资源科学 ›› 2020, Vol. 42 ›› Issue (6): 1027-1039.doi: 10.18402/resci.2020.06.02

• 碳排放 • 上一篇    下一篇

全球贸易隐含碳净流动网络构建及社团发现分析

李晖1(), 姜文磊1, 唐志鹏2()   

  1. 1.青岛大学经济学院,青岛266061
    2.中国科学院地理科学与资源研究所,北京100101
  • 收稿日期:2019-07-26 修回日期:2020-05-10 出版日期:2020-06-25 发布日期:2020-08-25
  • 通讯作者: 唐志鹏
  • 作者简介:李晖,女,山东青岛人,副教授,主要从事投入产出技术与资源环境经济研究。E-mail: lihui@amss.ac.cn
  • 基金资助:
    国家自然科学基金国际(地区)合作与交流项目(41661144023);青岛市博士后应用研究项目(2016038)

Net embodied carbon flow network in global trade and community finding analysis

LI Hui1(), JIANG Wenlei1, TANG Zhipeng2()   

  1. 1. School of Economics, Qingdao University, Qingdao 266061, China
    2. Institute of Geographic Sciences and Natural Resources Research, CAS, Beijing 100101, China
  • Received:2019-07-26 Revised:2020-05-10 Online:2020-06-25 Published:2020-08-25
  • Contact: TANG Zhipeng

摘要:

采用Eora数据库和MRIO多区域投入产出模型对2000年与2015年189个国家(地区)的国(区)内需求隐含碳排放量、出口隐含碳排放量和进口隐含碳排放量进行测算;在此基础上构建全球贸易隐含碳净流动网络,基于网络视角对全球贸易隐含碳流动及社团划分问题进行全局分析,揭示不同国家(地区)在全球贸易隐含碳流动网络中的地位及关系演变趋势。研究发现:①贸易隐含碳净流出是中国、印度、伊朗、哈萨克斯坦、阿尔及利亚、南非等发展中国家碳排放快速增长的关键原因之一,隐含碳净进口则对美国、日本、德国、英国、法国等发达国家的碳排放量下降贡献了重要力量;②虽然美国、日本、法国等国家的隐含碳净进口总量趋于下降,但是从中国、印度等主要隐含碳净进口地流入的隐含碳排放量却一直在增长,净进口来源地呈现集中趋势;③2000年与2015年全球隐含碳净流动网络均包含4个主要社团,社团核心由中国、俄罗斯、沙特阿拉伯、伊拉克转变为中国、印度、俄罗斯和沙特阿拉伯,其中中国和印度的社团核心地位加强,主导的社团规模不断扩大,俄罗斯和沙特阿拉伯的社团辐射能力则有所减弱。由于处于同一社团的各贸易国(地区)的隐含碳流动更为密切,因此,社团内部成员国可作为国际应对气候变化的重点支持对象。

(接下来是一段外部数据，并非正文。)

(* Let $n\ge2$ and $1\le p\le n-1$. A permutation $\pi\in S_n$ is a $p$-resultant permutation if and only if $\{\pi_1,\dots,\pi_{n-p}\}=\{1,\dots,n-p\}$, i.e. $(\pi_1,\dots,\pi_{n-p})\in S_{n-p}$.
   Context: For $m\ge1$, $1\le p\le m$: sites are $0,\dots,m+1$; a configuration in $\mathcal{S}(m,p)$ places $m+1$ distinct chips labeled $1,\dots,m+1$ with sites $0,m+1$ empty, one chip at each site of $\{1,\dots,m\}\setminus\{p\}$ and two chips at site $p$. Toppling: while some site holds at least two chips, choose such a site $i$ and two chips $\alpha<\beta$ there and move $\alpha$ to $i-1$, $\beta$ to $i+1$. It is known this terminates with at most one chip per site within sites $0,\dots,m+1$ and the final configuration is independent of the choices; reading chip labels left to right gives a permutation in $S_{m+1}$, to which the configuration is said to topple. A permutation $\pi\in S_n$ is $p$-resultant if some configuration in $\mathcal{S}(n-1,p)$ topples to $\pi$. *)

theory Defs
  imports Main
begin

text \<open>A chip configuration with chips labelled 1..m+1 is a function assigning
  to each chip label its site (an integer). Only the values on labels 1..m+1 matter.\<close>

type_synonym config = "nat \<Rightarrow> int"

definition chips :: "nat \<Rightarrow> nat set" where
  "chips m = {1..m+1}"

definition init_configs :: "nat \<Rightarrow> nat \<Rightarrow> config set" where
  "init_configs m p = {c. (\<forall>a\<in>chips m. 1 \<le> c a \<and> c a \<le> int m) \<and>
      (\<forall>s\<in>{1..int m}. card {a\<in>chips m. c a = s} = (if s = int p then 2 else 1))}"

definition topple_step :: "nat \<Rightarrow> config \<Rightarrow> config \<Rightarrow> bool" where
  "topple_step m c c' \<longleftrightarrow> (\<exists>\<alpha>\<in>chips m. \<exists>\<beta>\<in>chips m. \<alpha> < \<beta> \<and> c \<alpha> = c \<beta> \<and>
       c' = c(\<alpha> := c \<alpha> - 1, \<beta> := c \<beta> + 1))"

definition stable :: "nat \<Rightarrow> config \<Rightarrow> bool" where
  "stable m c \<longleftrightarrow> inj_on c (chips m)"

definition reading :: "nat \<Rightarrow> config \<Rightarrow> nat list" where
  "reading m c = sort_key c [1..<m+2]"

definition topples_to :: "nat \<Rightarrow> config \<Rightarrow> nat list \<Rightarrow> bool" where
  "topples_to m c \<pi> \<longleftrightarrow> (\<exists>c'. (topple_step m)\<^sup>*\<^sup>* c c' \<and> stable m c' \<and> reading m c' = \<pi>)"

text \<open>Permutations of S_n as lists (one-line notation).\<close>
definition is_perm :: "nat \<Rightarrow> nat list \<Rightarrow> bool" where
  "is_perm n \<pi> \<longleftrightarrow> distinct \<pi> \<and> set \<pi> = {1..n}"

definition p_resultant :: "nat \<Rightarrow> nat \<Rightarrow> nat list \<Rightarrow> bool" where
  "p_resultant n p \<pi> \<longleftrightarrow> (\<exists>c\<in>init_configs (n-1) p. topples_to (n-1) c \<pi>)"

end

theory Submission
  imports Defs "HOL-Library.Confluence" "HOL-Library.Multiset"
begin

text \<open>Write \<open>h = n - p\<close> and call the chips \<open>1, \<dots>, h\<close> small, the other \<open>p\<close> chips big.

  The invariant \<open>s \<le> #(chips on sites \<le> s) \<le> s + 1\<close> holds initially and
  is preserved by toppling; under it every unstable site carries exactly two chips and no two
  unstable sites are adjacent, so different topplings commute and the stable configuration can be
  computed along one convenient order. Topple in \<open>h\<close> waves: before wave \<open>j\<close> site \<open>j\<close> is empty
  and site \<open>p + j\<close> carries two chips; the wave topples \<open>p + j, p + j - 1, \<dots>, j + 1\<close> in turn,
  each time sending the smaller chip to the left, so the chip arriving on site \<open>j\<close> is the smallest
  chip of the sites \<open>j + 1, \<dots>, p + j\<close>. By pigeonhole one of those is small, hence after the
  \<open>h\<close> waves the sites \<open>0, \<dots>, h - 1\<close> carry exactly the small chips.

  Put the last \<open>p\<close> entries of \<open>\<pi>\<close> on the sites \<open>1, \<dots>, p\<close> and the
  first \<open>h\<close> entries on the sites \<open>p, \<dots>, n - 1\<close>, both in the order of \<open>\<pi>\<close>. In wave \<open>j\<close> the
  travelling chip is the \<open>(j + 1)\<close>-st entry of \<open>\<pi>\<close>, which is small, and every chip it meets is
  big, so it runs down to site \<open>j\<close> while the big chips shift one site to the right; after \<open>h\<close>
  waves the chips read \<open>\<pi>\<close>.\<close>

section \<open>Chip counts\<close>

definition num_chips :: "nat \<Rightarrow> config \<Rightarrow> int \<Rightarrow> nat" where
  "num_chips m c s = card {a \<in> chips m. c a = s}"

definition num_chips_le :: "nat \<Rightarrow> config \<Rightarrow> int \<Rightarrow> nat" where
  "num_chips_le m c s = card {a \<in> chips m. c a \<le> s}"

lemma finite_chips [simp]: "finite (chips m)"
  by (simp add: chips_def)

lemma topple_stepE:
  assumes "topple_step m c c'"
  obtains \<alpha> \<beta> v where "\<alpha> \<in> chips m" "\<beta> \<in> chips m" "\<alpha> < \<beta>" "c \<alpha> = v" "c \<beta> = v"
    "c' = c(\<alpha> := v - 1, \<beta> := v + 1)"
  using assms unfolding topple_step_def by force

lemma topple_stepI:
  assumes "\<alpha> \<in> chips m" "\<beta> \<in> chips m" "\<alpha> < \<beta>" "c \<alpha> = v" "c \<beta> = v"
  shows "topple_step m c (c(\<alpha> := v - 1, \<beta> := v + 1))"
  unfolding topple_step_def using assms by metis

lemma card_chips [simp]: "card (chips m) = m + 1"
  by (simp add: chips_def)

lemma num_chips_pos: "a \<in> chips m \<Longrightarrow> 0 < num_chips m c (c a)"
  unfolding num_chips_def card_gt_0_iff by auto

lemma num_chips_le_one_inj:
  "\<lbrakk>num_chips m c s \<le> 1; a \<in> chips m; b \<in> chips m; c a = s; c b = s\<rbrakk> \<Longrightarrow> a = b"
  unfolding num_chips_def using card_le_Suc0_iff_eq[of "{x \<in> chips m. c x = s}"] by auto

lemma num_chips_two_iff:
  assumes "a \<in> chips m" "b \<in> chips m" "a \<noteq> b" "c a = v" "c b = v"
  shows "num_chips m c v = 2 \<longleftrightarrow> {x \<in> chips m. c x = v} = {a, b}"
proof
  have sub: "{a, b} \<subseteq> {x \<in> chips m. c x = v}" using assms by auto
  show "num_chips m c v = 2 \<Longrightarrow> {x \<in> chips m. c x = v} = {a, b}"
    using card_subset_eq[OF _ sub] assms(3) unfolding num_chips_def by simp
qed (use assms(3) in \<open>simp add: num_chips_def\<close>)

lemma num_chips_ge_two:
  assumes "a \<in> chips m" "b \<in> chips m" "a \<noteq> b" "c a = v" "c b = v"
  shows "num_chips m c v \<ge> 2"
proof -
  have "{a, b} \<subseteq> {x \<in> chips m. c x = v}" using assms by auto
  then have "card {a, b} \<le> num_chips m c v"
    unfolding num_chips_def by (intro card_mono) auto
  then show ?thesis using assms(3) by simp
qed

lemma num_chips_fire:
  assumes "\<alpha> \<in> chips m" "\<beta> \<in> chips m" "\<alpha> \<noteq> \<beta>" "c \<alpha> = v" "c \<beta> = v"
  shows "int (num_chips m (c(\<alpha> := v - 1, \<beta> := v + 1)) s) = int (num_chips m c s)
     - (if s = v then 2 else 0) + (if s = v - 1 then 1 else 0) + (if s = v + 1 then 1 else 0)"
proof -
  let ?A = "{a \<in> chips m. c a = s}" and ?B = "{a \<in> chips m. (c(\<alpha> := v - 1, \<beta> := v + 1)) a = s}"
  consider "s = v" | "s = v - 1" | "s = v + 1" | "s \<noteq> v" "s \<noteq> v - 1" "s \<noteq> v + 1" by blast
  then show ?thesis
  proof cases
    case 1
    then have "?B = ?A - {\<alpha>, \<beta>}" "{\<alpha>, \<beta>} \<subseteq> ?A" using assms by auto
    then show ?thesis
      using 1 assms(3) num_chips_ge_two[OF assms] by (simp add: num_chips_def card_Diff_subset)
  next
    case 2
    then have "?B = insert \<alpha> ?A" "\<alpha> \<notin> ?A" using assms by auto
    then show ?thesis using 2 by (simp add: num_chips_def)
  next
    case 3
    then have "?B = insert \<beta> ?A" "\<beta> \<notin> ?A" using assms by auto
    then show ?thesis using 3 by (simp add: num_chips_def)
  next
    case 4
    then have "?B = ?A" using assms by auto
    then show ?thesis using 4 by (simp add: num_chips_def)
  qed
qed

关键词: 贸易隐含碳, 多区域投入产出(MRIO)模型, 投入产出技术, 网络分析, 社团发现算法

Abstract:

Using the Eora database and Multi-Regional Input-Output (MRIO) model, this study calculated the embodied carbon emissions induced by domestic demand, export, and import of 189 countries (regions) in the world in 2000 and 2015. Based on this, net flow networks of embodied carbon emissions in global trade were constructed, carbon emissions flow problem was analyzed globally from the network perspective, and the status and relationship evolution trend of different countries (regions) in the global trade embodied carbon network was revealed. It is found that the net export of embodied carbon emission in trade was one of the key reasons for the rapid growth of carbon emissions in China, India, Iran, Indonesia, Saudi Arabia, South Africa, and other developing countries (regions), while the net import of embodied carbon emission through trade contributed to the decline of carbon emissions in the United States, Japan, Germany, the United Kingdom, France, and other developed countries (regions). Although the total net imports of embodied carbon emission in the United States, Japan, France, and other countries (regions) tend to decline, the embodied carbon emissions they import from China, India, and other major embodied carbon net export places have been increasing, and the sources of net imports are concentrated. In 2000 and 2015, there are four major communities in the global net embodied carbon flow network. The core of community changes from China, Russia, Saudi Arabia and Iraq to China, India, Russia and Saudi Arabia. The core status of China and India is strengthened, the size of their leading communities has continued to expand, while the community radiation capacity of Russia and Saudi Arabia has been weakened. Community core plays an important role in controlling and reducing embodied carbon emissions in global trade. China, India and other core countries (regions) should strive to reduce the carbon content per unit of energy-intensive products. Because the embodied carbon flow of trading countries (regions) in the same community is closer, the member countries of the same community can be the key support object of international response to climate change.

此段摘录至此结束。